- _Problem description_
After reading the data below, copy out every line that contains the word "unfolding".
------------------------
(* Let $G$ be a nonabelian group, let $\psi\in\operatorname{End}(G)$ satisfy $\psi([G,G])\le Z(G)$, and let $\alpha,\beta\in\mathscr{E}$. Write $\psi_\alpha=\psi\circ\alpha:G\to G$. Then for all $g,h\in G$: (1) $\psi_\alpha(1_G)=1_G$; (2) $\psi_{\alpha+\beta}(g)\equiv\psi_{\beta+\alpha}(g)\pmod{Z(G)}$; (3) $\psi_\alpha(gh)\equiv\psi_\alpha(g)\psi_\alpha(h)\pmod{Z(G)}$; (4) $\psi_\alpha(g)^{-1}\equiv\psi_\alpha(g^{-1})\pmod{Z(G)}$; (5) $\psi_\alpha(gh)\psi_\alpha(g)^{-1}\equiv\psi_\alpha(h)\pmod{Z(G)}$.
   Context: $Z(G)$ is the center and $[G,G]$ the commutator subgroup of $G$. For $x,y\in G$, $x\equiv y\pmod{Z(G)}$ means $x=yz$ for some $z\in Z(G)$. $\mathscr{E}$ denotes the set of formal expressions $\alpha=n_1\phi_1+\cdots+n_t\phi_t$ with $t\ge 0$, $n_i\in\mathbb Z$, $\phi_i\in\operatorname{End}(G)$ (the free group generated by $\operatorname{End}(G)$, written additively, with sum $\alpha+\beta$ given by concatenation), acting on $G$ by $\alpha(g)=\phi_1(g^{n_1})\phi_2(g^{n_2})\cdots\phi_t(g^{n_t})$. (The order of terms matters, so $\alpha+\beta$ and $\beta+\alpha$ may act differently.) *)

theory Defs
  imports "HOL-Algebra.Algebra"
begin

definition group_center :: "('a, 'b) monoid_scheme \<Rightarrow> 'a set" where
  "group_center G = {z \<in> carrier G. \<forall>x \<in> carrier G. z \<otimes>\<^bsub>G\<^esub> x = x \<otimes>\<^bsub>G\<^esub> z}"

definition cong_center :: "('a, 'b) monoid_scheme \<Rightarrow> 'a \<Rightarrow> 'a \<Rightarrow> bool" where
  "cong_center G x y \<longleftrightarrow> (\<exists>z \<in> group_center G. x = y \<otimes>\<^bsub>G\<^esub> z)"

text \<open>Formal expressions n_1 phi_1 + ... + n_t phi_t, represented as lists of
  pairs (n_i, phi_i) with each phi_i an endomorphism; the sum is list append.\<close>
definition formal_exprs :: "('a, 'b) monoid_scheme \<Rightarrow> (int \<times> ('a \<Rightarrow> 'a)) list set" where
  "formal_exprs G = {\<alpha>. \<forall>p \<in> set \<alpha>. snd p \<in> hom G G}"

definition expr_act :: "('a, 'b) monoid_scheme \<Rightarrow> (int \<times> ('a \<Rightarrow> 'a)) list \<Rightarrow> 'a \<Rightarrow> 'a" where
  "expr_act G \<alpha> g = foldr (\<lambda>(n, \<phi>) acc. \<phi> (g [^]\<^bsub>G\<^esub> n) \<otimes>\<^bsub>G\<^esub> acc) \<alpha> \<one>\<^bsub>G\<^esub>"

end

theory Submission
  imports Defs
begin

text \<open>Composed with the projection onto the abelian group \<open>G/[G,G]\<close>, every \<open>\<alpha> \<in> \<E>\<close> becomes
  a homomorphism, and \<open>\<alpha> + \<beta>\<close>, \<open>\<beta> + \<alpha>\<close> agree there. So in each congruence the two elements
  to which \<open>\<psi>\<close> is applied satisfy \<open>x = c y\<close> with \<open>c \<in> [G,G]\<close>, and since \<open>\<psi> c\<close> is central,
  \<open>\<psi> x \<equiv> \<psi> y\<close> modulo \<open>Z(G)\<close>.\<close>

lemma formal_exprs_Cons [simp]:
  "(n, \<phi>) # \<alpha> \<in> formal_exprs G \<longleftrightarrow> \<phi> \<in> hom G G \<and> \<alpha> \<in> formal_exprs G"
  by (simp add: formal_exprs_def)

lemma formal_exprs_append [simp]:
  "\<alpha> @ \<beta> \<in> formal_exprs G \<longleftrightarrow> \<alpha> \<in> formal_exprs G \<and> \<beta> \<in> formal_exprs G"
  by (auto simp add: formal_exprs_def)

lemma expr_act_Nil [simp]: "expr_act G [] g = \<one>\<^bsub>G\<^esub>"
  by (simp add: expr_act_def)

lemma expr_act_Cons [simp]:
  "expr_act G ((n, \<phi>) # \<alpha>) g = \<phi> (g [^]\<^bsub>G\<^esub> n) \<otimes>\<^bsub>G\<^esub> expr_act G \<alpha> g"
  by (simp add: expr_act_def)

context group
begin

lemma expr_act_closed [simp]:
  "\<alpha> \<in> formal_exprs G \<Longrightarrow> g \<in> carrier G \<Longrightarrow> expr_act G \<alpha> g \<in> carrier G"
  by (induction \<alpha>) (auto simp: hom_def Pi_def)

lemma expr_act_append:
  assumes "\<alpha> \<in> formal_exprs G" "\<beta> \<in> formal_exprs G" "g \<in> carrier G"
  shows "expr_act G (\<alpha> @ \<beta>) g = expr_act G \<alpha> g \<otimes> expr_act G \<beta> g"
  using assms by (induction \<alpha>) (auto simp: hom_def Pi_def m_assoc)

lemma expr_act_one [simp]:
  "\<alpha> \<in> formal_exprs G \<Longrightarrow> expr_act G \<alpha> \<one> = \<one>"
  by (induction \<alpha>) (auto simp: hom_one is_group)

end

lemma (in comm_group) hom_compose_int_pow:
  assumes "group H" "f \<in> hom H G"
  shows "(\<lambda>x. f (x [^]\<^bsub>H\<^esub> (n :: int))) \<in> hom H G"
proof (rule group.hom_eq[OF assms(1)])
  show "(\<lambda>x. f x [^] n) \<in> hom H G"
    using assms(2) by (auto simp: hom_def Pi_def int_pow_distrib)
  show "f (x [^]\<^bsub>H\<^esub> n) = f x [^] n" if "x \<in> carrier H" for x
    using hom_int_pow[OF assms(2) that assms(1) is_group] .
qed

lemma (in comm_group) hom_compose_expr_act:
  assumes "group H" "f \<in> hom H G" "\<alpha> \<in> formal_exprs H"
  shows "(\<lambda>g. f (expr_act H \<alpha> g)) \<in> hom H G"
  using assms(3)
proof (induction \<alpha>)
  case Nil
  show ?case
    using hom_one[OF assms(2) assms(1) is_group] trivial_hom[OF is_group] by simp
next
  case (Cons p \<alpha>)
  obtain n \<phi> where p: "p = (n, \<phi>)" by fastforce
  with Cons have \<phi>: "\<phi> \<in> hom H H" and \<alpha>: "\<alpha> \<in> formal_exprs H" by auto
  then have "(\<lambda>g. f (\<phi> g)) \<in> hom H G"
    using assms(2) by (auto simp: hom_def Pi_def)
  then have "(\<lambda>g. f (\<phi> (g [^]\<^bsub>H\<^esub> n)) \<otimes> f (expr_act H \<alpha> g)) \<in> hom H G"
    using Cons.IH \<alpha> assms(1) by (intro hom_group_mult hom_compose_int_pow)
  then show ?case
  proof (rule group.hom_eq[OF assms(1)])
    show "f (expr_act H (p # \<alpha>) g) = f (\<phi> (g [^]\<^bsub>H\<^esub> n)) \<otimes> f (expr_act H \<alpha> g)"
      if "g \<in> carrier H" for g
      using that p \<phi> \<alpha> assms(1,2)
      by (simp add: hom_mult group.int_pow_closed group.expr_act_closed hom_in_carrier)
  qed
qed

context group
begin

abbreviation abelianization :: "'a set monoid"
  where "abelianization \<equiv> G Mod derived G (carrier G)"

abbreviation abelianize :: "'a \<Rightarrow> 'a set"
  where "abelianize x \<equiv> derived G (carrier G) #> x"

lemma comm_group_abelianization: "comm_group abelianization"
  by (rule derived_quot_is_comm_group)

lemma group_hom_abelianize: "group_hom G abelianization abelianize"
  using normal.r_coset_hom_Mod[OF derived_self_is_normal]
    comm_group_abelianization
  by (simp add: group_hom_def group_hom_axioms_def is_group comm_group_def)

lemma group_hom_abelianize_expr_act:
  assumes "\<alpha> \<in> formal_exprs G"
  shows "group_hom G abelianization (\<lambda>g. abelianize (expr_act G \<alpha> g))"
  using comm_group.hom_compose_expr_act[OF comm_group_abelianization is_group
      group_hom.homh[OF group_hom_abelianize] assms]
    group_hom_abelianize
  by (simp add: group_hom_def group_hom_axioms_def)

end

locale derived_central_endo = group G for G (structure) +
  fixes \<psi> :: "'a \<Rightarrow> 'a"
  assumes hom_psi: "\<psi> \<in> hom G G"
    and psi_derived_central: "\<psi> ` derived G (carrier G) \<subseteq> group_center G"
begin

sublocale psi: group_hom G G \<psi>
  using hom_psi by (simp add: group_hom_def group_hom_axioms_def is_group)

sublocale Gab: comm_group abelianization
  by (rule comm_group_abelianization)

sublocale ab: group_hom G abelianization abelianize
  by (rule group_hom_abelianize)

lemma cong_center_psi_if_abelianize_eq:
  assumes "x \<in> carrier G" "y \<in> carrier G" "abelianize x = abelianize y"
  shows "cong_center G (\<psi> x) (\<psi> y)"
proof -
  have "x \<in> derived G (carrier G) #> y"
    using assms repr_independenceD[OF derived_is_subgroup] by (metis subset_refl)
  then obtain c where c: "c \<in> derived G (carrier G)" "x = c \<otimes> y"
    unfolding r_coset_def by blast
  have "c \<in> carrier G"
    using c(1) derived_incl[OF subset_refl subgroup_self] by blast
  moreover have central: "\<psi> c \<in> group_center G"
    using c(1) psi_derived_central by blast
  ultimately have "\<psi> x = \<psi> y \<otimes> \<psi> c"
    using c(2) assms(2) by (simp add: group_center_def)
  with central show ?thesis
    unfolding cong_center_def by blast
qed

lemma cong_center_psi_expr_act_append_swap:
  assumes "\<alpha> \<in> formal_exprs G" "\<beta> \<in> formal_exprs G" "g \<in> carrier G"
  shows "cong_center G (\<psi> (expr_act G (\<alpha> @ \<beta>) g)) (\<psi> (expr_act G (\<beta> @ \<alpha>) g))"
proof (rule cong_center_psi_if_abelianize_eq)
  show "abelianize (expr_act G (\<alpha> @ \<beta>) g) = abelianize (expr_act G (\<beta> @ \<alpha>) g)"
    using assms by (simp add: expr_act_append ab.hom_mult Gab.m_comm del: mult_FactGroup)
qed (use assms in auto)

context
  fixes \<alpha> assumes \<alpha>: "\<alpha> \<in> formal_exprs G"
begin

interpretation act: group_hom G abelianization "\<lambda>g. abelianize (expr_act G \<alpha> g)"
  using \<alpha> by (rule group_hom_abelianize_expr_act)

lemma cong_center_psi_expr_act_mult:
  assumes "g \<in> carrier G" "h \<in> carrier G"
  shows "cong_center G (\<psi> (expr_act G \<alpha> (g \<otimes> h))) (\<psi> (expr_act G \<alpha> g) \<otimes> \<psi> (expr_act G \<alpha> h))"
proof -
  have "abelianize (expr_act G \<alpha> (g \<otimes> h)) = abelianize (expr_act G \<alpha> g \<otimes> expr_act G \<alpha> h)"
    using assms \<alpha> act.hom_mult by (simp add: ab.hom_mult del: mult_FactGroup)
  then have "cong_center G (\<psi> (expr_act G \<alpha> (g \<otimes> h))) (\<psi> (expr_act G \<alpha> g \<otimes> expr_act G \<alpha> h))"
    using assms \<alpha> by (intro cong_center_psi_if_abelianize_eq) auto
  then show ?thesis
    using assms \<alpha> by simp
qed

lemma cong_center_inv_psi_expr_act:
  assumes "g \<in> carrier G"
  shows "cong_center G (inv (\<psi> (expr_act G \<alpha> g))) (\<psi> (expr_act G \<alpha> (inv g)))"
proof -
  have "abelianize (inv (expr_act G \<alpha> g)) = abelianize (expr_act G \<alpha> (inv g))"
    using assms \<alpha> act.hom_inv by (simp add: ab.hom_inv)
  then have "cong_center G (\<psi> (inv (expr_act G \<alpha> g))) (\<psi> (expr_act G \<alpha> (inv g)))"
    using assms \<alpha> by (intro cong_center_psi_if_abelianize_eq) auto
  then show ?thesis
    using assms \<alpha> by simp
qed

lemma cong_center_psi_expr_act_mult_inv:
  assumes "g \<in> carrier G" "h \<in> carrier G"
  shows "cong_center G (\<psi> (expr_act G \<alpha> (g \<otimes> h)) \<otimes> inv (\<psi> (expr_act G \<alpha> g))) (\<psi> (expr_act G \<alpha> h))"
proof -
  let ?A = "\<lambda>g. abelianize (expr_act G \<alpha> g)"
  have "abelianize (expr_act G \<alpha> (g \<otimes> h) \<otimes> inv (expr_act G \<alpha> g))
      = ?A g \<otimes>\<^bsub>abelianization\<^esub> ?A h \<otimes>\<^bsub>abelianization\<^esub> inv\<^bsub>abelianization\<^esub> ?A g"
    using assms \<alpha> act.hom_mult by (simp add: ab.hom_mult ab.hom_inv del: mult_FactGroup)
  also have "\<dots> = ?A h"
    using act.hom_closed[OF assms(1)] act.hom_closed[OF assms(2)]
    by (metis Gab.m_assoc Gab.m_comm Gab.inv_closed Gab.r_inv Gab.r_one)
  finally have "cong_center G (\<psi> (expr_act G \<alpha> (g \<otimes> h) \<otimes> inv (expr_act G \<alpha> g))) (\<psi> (expr_act G \<alpha> h))"
    using assms \<alpha> by (intro cong_center_psi_if_abelianize_eq) auto
  then show ?thesis
    using assms \<alpha> by simp
qed

end

end

theorem lemma3p1:
  fixes G :: "('a, 'b) monoid_scheme" and \<psi> :: "'a \<Rightarrow> 'a"
    and \<alpha> \<beta> :: "(int \<times> ('a \<Rightarrow> 'a)) list"
  assumes "group G" and "\<not> comm_group G"
    and "\<psi> \<in> hom G G"
    and "\<psi> ` derived G (carrier G) \<subseteq> group_center G"
    and "\<alpha> \<in> formal_exprs G" and "\<beta> \<in> formal_exprs G"
  shows "\<psi> (expr_act G \<alpha> \<one>\<^bsub>G\<^esub>) = \<one>\<^bsub>G\<^esub>
    \<and> (\<forall>g \<in> carrier G.
           cong_center G (\<psi> (expr_act G (\<alpha> @ \<beta>) g)) (\<psi> (expr_act G (\<beta> @ \<alpha>) g)))
    \<and> (\<forall>g \<in> carrier G. \<forall>h \<in> carrier G.
           cong_center G (\<psi> (expr_act G \<alpha> (g \<otimes>\<^bsub>G\<^esub> h)))
             (\<psi> (expr_act G \<alpha> g) \<otimes>\<^bsub>G\<^esub> \<psi> (expr_act G \<alpha> h)))
    \<and> (\<forall>g \<in> carrier G.
           cong_center G (inv\<^bsub>G\<^esub> (\<psi> (expr_act G \<alpha> g))) (\<psi> (expr_act G \<alpha> (inv\<^bsub>G\<^esub> g))))
    \<and> (\<forall>g \<in> carrier G. \<forall>h \<in> carrier G.
           cong_center G (\<psi> (expr_act G \<alpha> (g \<otimes>\<^bsub>G\<^esub> h)) \<otimes>\<^bsub>G\<^esub> inv\<^bsub>G\<^esub> (\<psi> (expr_act G \<alpha> g)))
             (\<psi> (expr_act G \<alpha> h)))"
proof -
  interpret derived_central_endo G \<psi>
    using assms(1,3,4) by (simp add: derived_central_endo_def derived_central_endo_axioms_def)
  show ?thesis
    using assms(5,6)
    by (auto intro: cong_center_psi_expr_act_append_swap cong_center_psi_expr_act_mult
        cong_center_inv_psi_expr_act cong_center_psi_expr_act_mult_inv)
qed

end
------------------------
- _Response_
    unfolding r_coset_def by blast
    unfolding cong_center_def by blast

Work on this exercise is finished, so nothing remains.